definition nilpotent_elt :: "('n::finite cvec \<Rightarrow> 'n cvec \<Rightarrow> 'n cvec) \<Rightarrow> 'n cvec \<Rightarrow> bool" where
  "nilpotent_elt br X \<longleftrightarrow> (\<exists>k. (br X ^^ k) = (\<lambda>_. 0))"

text \<open>The invariants (real valued; we take real parts of the complex values).\<close>
definition eta1 :: "('n::finite cvec \<Rightarrow> 'n cvec \<Rightarrow> 'n cvec) \<Rightarrow> ('n cvec \<Rightarrow> 'n cvec) \<Rightarrow> 'n cvec \<Rightarrow> real" where
  "eta1 br \<sigma> X = Re (ip br X (\<sigma> X))"

definition eta2 :: "('n::finite cvec \<Rightarrow> 'n cvec \<Rightarrow> 'n cvec) \<Rightarrow> ('n cvec \<Rightarrow> 'n cvec) \<Rightarrow> 'n cvec \<Rightarrow> real" where
  "eta2 br \<sigma> X = Re (- ip br (br X (\<sigma> X)) (br X (\<sigma> X)))"

text \<open>The one-form I d rho, (I alpha)(Y) = - alpha(i Y), computed on the ambient space
  (the orbit is a complex submanifold and I is multiplication by i).\<close>
definition Idrho :: "('n::finite cvec \<Rightarrow> 'n cvec \<Rightarrow> 'n cvec) \<Rightarrow> ('n cvec \<Rightarrow> 'n cvec) \<Rightarrow>
    (real \<times> real \<Rightarrow> real) \<Rightarrow> 'n cvec \<Rightarrow> 'n cvec \<Rightarrow> real" where
  "Idrho br \<sigma> \<rho> Y V =
     - frechet_derivative (\<lambda>Z. \<rho> (eta1 br \<sigma> Z, eta2 br \<sigma> Z)) (at Y) (\<i> *s V)"

text \<open>Exterior derivative of a one-form on a vector space:
  d alpha (U,V) = U(alpha(V)) - V(alpha(U)) for constant vector fields U, V.\<close>
definition dform :: "('n::finite cvec \<Rightarrow> 'n cvec \<Rightarrow> real) \<Rightarrow> 'n cvec \<Rightarrow> 'n cvec \<Rightarrow> 'n cvec \<Rightarrow> real" where
  "dform \<alpha> X U V = frechet_derivative (\<lambda>Y. \<alpha> Y V) (at X) U - frechet_derivative (\<lambda>Y. \<alpha> Y U) (at X) V"

definition omega_I :: "('n::finite cvec \<Rightarrow> 'n cvec \<Rightarrow> 'n cvec) \<Rightarrow> ('n cvec \<Rightarrow> 'n cvec) \<Rightarrow>
    (real \<times> real \<Rightarrow> real) \<Rightarrow> 'n cvec \<Rightarrow> 'n cvec \<Rightarrow> 'n cvec \<Rightarrow> real" where
  "omega_I br \<sigma> \<rho> X U V = - (1/2) * dform (Idrho br \<sigma> \<rho>) X U V"

text \<open>g(xi_A, xi_B) = omega_I(I xi_A, xi_B), with xi_A = [A,X] and I xi_A = xi_{iA}.\<close>
definition gmet :: "('n::finite cvec \<Rightarrow> 'n cvec \<Rightarrow> 'n cvec) \<Rightarrow> ('n cvec \<Rightarrow> 'n cvec) \<Rightarrow>
    (real \<times> real \<Rightarrow> real) \<Rightarrow> 'n cvec \<Rightarrow> 'n cvec \<Rightarrow> 'n cvec \<Rightarrow> real" where
  "gmet br \<sigma> \<rho> X A B = omega_I br \<sigma> \<rho> X (br (\<i> *s A) X) (br B X)"

text \<open>Kirillov-Kostant-Souriau form: omega_c(xi_A, xi_B)_X = <X,[A,B]>.\<close>
definition kks :: "('n::finite cvec \<Rightarrow> 'n cvec \<Rightarrow> 'n cvec) \<Rightarrow> 'n cvec \<Rightarrow> 'n cvec \<Rightarrow> 'n cvec \<Rightarrow> complex" where
  "kks br X A B = ip br X (br A B)"

end

theory Submission
  imports Defs
begin
lemma cond_exp_c_cis_lower_bound_le_0_bounded:
  fixes a :: "nat \<Rightarrow> 'x \<Rightarrow> complex" and B :: "nat \<Rightarrow> real"
  assumes \<psi>[measurable]: "\<psi> \<in> borel_measurable M" and range: "\<And>x. \<psi> x \<in> {0..<2*pi}"
    and separated: "AE y in N. AE z in K y \<Otimes>\<^sub>M K y. \<psi> (fst z) \<noteq> \<psi> (snd z)"
    and a: "\<And>i. i < n \<Longrightarrow> a i \<in> borel_measurable M"
    and bound: "\<And>i x. i < n \<Longrightarrow> x \<in> space M \<Longrightarrow> cmod (a i x) \<le> B i"
    and lower: "\<And>t. C \<le> (\<Sum>i<n. \<integral>x. (cmod (cond_exp_c M Fq (\<lambda>x. cis (real t * \<psi> x) * a i x) x))\<^sup>2 \<partial>M)"
  shows "C \<le> 0"
proof -
  define W where "W T = (\<integral>y. fibre_cis_mean \<psi> T y \<partial>N)" for T
  have "C \<le> (\<Sum>i<n. (B i)\<^sup>2) * W T" if "T > 0" for T
  proof -
    have "real T * C
        \<le> (\<Sum>t<T. \<Sum>i<n. \<integral>x. (cmod (cond_exp_c M Fq (\<lambda>x. cis (real t * \<psi> x) * a i x) x))\<^sup>2 \<partial>M)"
      using sum_mono[OF lower, of "{..<T}"] by simp
    also have "\<dots> = (\<Sum>i<n. \<Sum>t<T. \<integral>x. (cmod (cond_exp_c M Fq (\<lambda>x. cis (real t * \<psi> x) * a i x) x))\<^sup>2 \<partial>M)"
      by (rule sum.swap)
    also have "\<dots> \<le> (\<Sum>i<n. real T * (B i)\<^sup>2 * W T)"
      unfolding W_def using a bound by (intro sum_mono sum_integral_norm_cond_exp_c_cis_sq_le) auto
    also have "\<dots> = real T * ((\<Sum>i<n. (B i)\<^sup>2) * W T)"
      by (simp add: sum_distrib_left sum_distrib_right mult_ac)
    finally show ?thesis
      using \<open>T > 0\<close> by simp
  qed
  moreover have "(\<lambda>T. (\<Sum>i<n. (B i)\<^sup>2) * W T) \<longlonglongrightarrow> (\<Sum>i<n. (B i)\<^sup>2) * 0"
    unfolding W_def using integral_fibre_cis_mean_tendsto_0[OF \<psi> range separated]
    by (rule tendsto_mult_left)
  ultimately show ?thesis
    using LIMSEQ_le_const[where a=C] by (metis (no_types, lifting) mult_zero_right Suc_le_eq)
qed

lemma cond_exp_c_cis_lower_bound_le_0:
  fixes a :: "nat \<Rightarrow> 'x \<Rightarrow> complex"
  assumes \<psi>[measurable]: "\<psi> \<in> borel_measurable M" and range: "\<And>x. \<psi> x \<in> {0..<2*pi}"
    and separated: "AE y in N. AE z in K y \<Otimes>\<^sub>M K y. \<psi> (fst z) \<noteq> \<psi> (snd z)"
    and a: "\<And>i. i < n \<Longrightarrow> Linfty M (a i)"
    and lower: "\<And>t. C \<le> (\<Sum>i<n. \<integral>x. (cmod (cond_exp_c M Fq (\<lambda>x. cis (real t * \<psi> x) * a i x) x))\<^sup>2 \<partial>M)"
  shows "C \<le> 0"
proof -
  have "\<exists>b B. b \<in> borel_measurable M \<and> (\<forall>x. cmod (b x) \<le> B) \<and> (AE x in M. b x = a i x)" if "i < n" for i
    using Linfty_bounded_representative[OF a[OF that]] by blast
  then obtain b B where b: "\<And>i. i < n \<Longrightarrow> b i \<in> borel_measurable M" "\<And>i x. i < n \<Longrightarrow> cmod (b i x) \<le> B i"
    "\<And>i. i < n \<Longrightarrow> AE x in M. b i x = a i x"
    by metis
  have lower_b: "C \<le> (\<Sum>i<n. \<integral>x. (cmod (cond_exp_c M Fq (\<lambda>x. cis (real t * \<psi> x) * b i x) x))\<^sup>2 \<partial>M)" for t
  proof -
    have "(\<integral>x. (cmod (cond_exp_c M Fq (\<lambda>x. cis (real t * \<psi> x) * a i x) x))\<^sup>2 \<partial>M)
        = (\<integral>x. (cmod (cond_exp_c M Fq (\<lambda>x. cis (real t * \<psi> x) * b i x) x))\<^sup>2 \<partial>M)" if "i < n" for i
    proof -
      have [measurable]: "a i \<in> borel_measurable M" "b i \<in> borel_measurable M"
        using a[OF that] b(1)[OF that] by (auto simp: Linfty_def)
      have "AE x in M. cis (real t * \<psi> x) * a i x = cis (real t * \<psi> x) * b i x"
        using b(3)[OF that] by eventually_elim simp
      then show ?thesis
        by (rule sigma_finite_subalgebra.integral_norm_cond_exp_c_sq_cong_AE[OF sigma_finite_subalgebra_Fq]) measurable
    qed
    then have "(\<Sum>i<n. \<integral>x. (cmod (cond_exp_c M Fq (\<lambda>x. cis (real t * \<psi> x) * a i x) x))\<^sup>2 \<partial>M)
        = (\<Sum>i<n. \<integral>x. (cmod (cond_exp_c M Fq (\<lambda>x. cis (real t * \<psi> x) * b i x) x))\<^sup>2 \<partial>M)"
      by (intro sum.cong) auto
    then show ?thesis
      using lower[of t] by simp
  qed
  have bound: "cmod (b i x) \<le> B i" if "i < n" "x \<in> space M" for i x
    using b(2)[OF that(1)] .
  show ?thesis
    by (rule cond_exp_c_cis_lower_bound_le_0_bounded[where a=b and B=B, OF \<psi> range separated b(1) bound lower_b])
qed

end

theorem lemma1p3p3:
  fixes M :: "'x::polish_space measure" and N :: "'y::polish_space measure"
    and R :: "'z::polish_space measure"
    and q :: "'x \<Rightarrow> 'y" and p :: "'x \<Rightarrow> 'z"
    and a :: "nat \<Rightarrow> 'x \<Rightarrow> complex" and n :: nat and C :: real
  assumes "standard_prob_space M" and "standard_prob_space N" and "standard_prob_space R"
    and "mp_quotient_map M N q" and "mp_quotient_map M R p"
    and "\<And>i. i < n \<Longrightarrow> Linfty M (a i)"
    and "C > 0"
    and "\<And>f. f \<in> borel_measurable R \<Longrightarrow> (AE z in R. cmod (f z) = 1) \<Longrightarrow>
          (\<Sum>i<n. \<integral>x. (cmod (cond_exp_c M (vimage_algebra (space M) q N)
                                   (\<lambda>x. f (p x) * a i x) x))\<^sup>2 \<partial>M) \<ge> C"
  shows "locally_factors M N q p"
proof (rule ccontr)
  have p[measurable]: "p \<in> measurable M R" and "sets R = sets borel"
    using assms(3,5) unfolding mp_quotient_map_def standard_prob_space_def by blast+
  assume "\<not> locally_factors M N q p"
  then obtain K where "disintegration M N q K" and null:
    "emeasure N {y \<in> space N.
       emeasure (K y \<Otimes>\<^sub>M K y) {(x1, x2) \<in> space M \<times> space M. p x1 = p x2} > 0} = 0"
    using not_gr_zero unfolding locally_factors_def by blast
  interpret quotient_disintegration M N q K
    using assms(1,4) \<open>disintegration M N q K\<close>
    unfolding quotient_disintegration_def standard_prob_space_def mp_quotient_map_def by blast
  obtain \<phi> :: "'z \<Rightarrow> real" where \<phi>: "\<phi> \<in> borel_measurable borel" "inj \<phi>" "range \<phi> \<subseteq> {0..<2*pi}"
    using exists_inj_borel_measurable_real by blast
  have [measurable]: "\<phi> \<in> borel_measurable R"
    using \<phi>(1) measurable_cong_sets[OF \<open>sets R = sets borel\<close> refl] by blast
  have "{(x1, x2) \<in> space M \<times> space M. p x1 = p x2}
      = {z \<in> space (M \<Otimes>\<^sub>M M). \<not> \<phi> (p (fst z)) \<noteq> \<phi> (p (snd z))}"
    using \<phi>(2) by (auto simp: space_pair_measure inj_eq)
  then have separated: "AE y in N. AE z in K y \<Otimes>\<^sub>M K y. \<phi> (p (fst z)) \<noteq> \<phi> (p (snd z))"
    using null by (intro AE_AE_kernel_pair) simp_all
  have characters: "(\<lambda>z. cis (real t * \<phi> z)) \<in> borel_measurable R" for t
    by measurable
  have "C \<le> (\<Sum>i<n. \<integral>x. (cmod (cond_exp_c M Fq (\<lambda>x. cis (real t * \<phi> (p x)) * a i x) x))\<^sup>2 \<partial>M)" for t
    using assms(8)[OF characters] by simp
  moreover have "\<phi> (p x) \<in> {0..<2*pi}" for x
    using \<phi>(3) by blast
  ultimately have "C \<le> 0"
    by (intro cond_exp_c_cis_lower_bound_le_0[OF _ _ separated assms(6)]) auto
  then show False
    using \<open>C > 0\<close> by simp
qed
lemma poly_mat_vec_add:
  "poly_mat_vec V A (p + q) f x = poly_mat_vec V A p f x + poly_mat_vec V A q f x"
proof -
  let ?N = "max (degree p) (degree q)"
  have "degree (p + q) \<le> ?N" by (simp add: degree_add_le)
  then show ?thesis
    by (simp add: poly_mat_vec_eq_sum_le[of _ ?N] sum.distrib algebra_simps)
qed

lemma poly_mat_vec_diff:
  "poly_mat_vec V A (p - q) f x = poly_mat_vec V A p f x - poly_mat_vec V A q f x"
  using poly_mat_vec_add[of V A "p - q" q f x] by simp

lemma poly_mat_vec_smult: "poly_mat_vec V A (smult c p) f x = c * poly_mat_vec V A p f x"
  by (simp add: poly_mat_vec_eq_sum_le[of _ "degree p"] sum_distrib_left mult.assoc)

lemma poly_mat_vec_sum:
  "finite I \<Longrightarrow> poly_mat_vec V A (\<Sum>i\<in>I. p i) f x = (\<Sum>i\<in>I. poly_mat_vec V A (p i) f x)"
  by (induction I rule: finite_induct) (auto simp: poly_mat_vec_add)

lemma poly_mat_vec_monom: "poly_mat_vec V A (monom c k) f x = c * (mat_vec V A ^^ k) f x"
proof -
  have "poly_mat_vec V A (monom c k) f x = (\<Sum>i\<le>k. if k = i then c * (mat_vec V A ^^ i) f x else 0)"
    unfolding poly_mat_vec_eq_sum_le[OF degree_monom_le] by (intro sum.cong) (auto simp: coeff_monom)
  then show ?thesis by simp
qed

lemma poly_mat_vec_pCons:
  "poly_mat_vec V A (pCons a p) f x = a * f x + mat_vec V A (poly_mat_vec V A p f) x"
proof -
  have "poly_mat_vec V A (pCons a p) f x
      = (\<Sum>i\<le>Suc (degree p). coeff (pCons a p) i * (mat_vec V A ^^ i) f x)"
    by (rule poly_mat_vec_eq_sum_le) (simp add: degree_pCons_le)
  also have "\<dots> = a * f x + (\<Sum>i\<le>degree p. coeff p i * (mat_vec V A ^^ Suc i) f x)"
    by (subst sum.atMost_Suc_shift) simp
  also have "(\<Sum>i\<le>degree p. coeff p i * (mat_vec V A ^^ Suc i) f x) = mat_vec V A (poly_mat_vec V A p f) x"
    unfolding poly_mat_vec_def by (subst mat_vec_lincomb) simp
  finally show ?thesis .
qed

lemma poly_mat_vec_linear: "poly_mat_vec V A [:-\<mu>, 1:] f x = mat_vec V A f x - \<mu> * f x"
proof -
  have "poly_mat_vec V A [:1:] f = f" by (simp add: fun_eq_iff)
  then show ?thesis by (simp add: poly_mat_vec_pCons)
qed

lemma poly_mat_vec_mult:
  "poly_mat_vec V A (p * q) f = poly_mat_vec V A p (poly_mat_vec V A q f)"
proof (induction p)
  case 0
  then show ?case by (simp add: fun_eq_iff)
next
  case (pCons a p)
  have "poly_mat_vec V A (pCons a p * q) f x
      = a * poly_mat_vec V A q f x + mat_vec V A (poly_mat_vec V A (p * q) f) x" for x
    by (simp add: poly_mat_vec_add poly_mat_vec_smult poly_mat_vec_pCons)
  then show ?case by (simp add: fun_eq_iff pCons.IH poly_mat_vec_pCons)
qed

lemma poly_mat_vec_zero_row:
  assumes "\<And>y. A x y = 0" and "f x = 0"
  shows "poly_mat_vec V A p f x = 0"
  using assms by (induction p) (auto simp: poly_mat_vec_pCons mat_vec_def)

lemma sum_fun_apply: "(\<Sum>i\<in>I. g i) x = (\<Sum>i\<in>I. g i x)"
  by (induction I rule: infinite_finite_induct) auto

definition annihilates :: "'a set \<Rightarrow> ('a \<Rightarrow> 'a \<Rightarrow> real) \<Rightarrow> complex poly \<Rightarrow> ('a \<Rightarrow> complex) \<Rightarrow> bool" where
  "annihilates V A p f \<longleftrightarrow> p \<noteq> 0 \<and> (\<forall>x. poly_mat_vec V A p f x = 0)"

**Directions**
When a line in the listing has the string "gmet" in it, return that line.

**Solution**
definition gmet :: "('n::finite cvec \<Rightarrow> 'n cvec \<Rightarrow> 'n cvec) \<Rightarrow> ('n cvec \<Rightarrow> 'n cvec) \<Rightarrow>
  "gmet br \<sigma> \<rho> X A B = omega_I br \<sigma> \<rho> X (br (\<i> *s A) X) (br B X)"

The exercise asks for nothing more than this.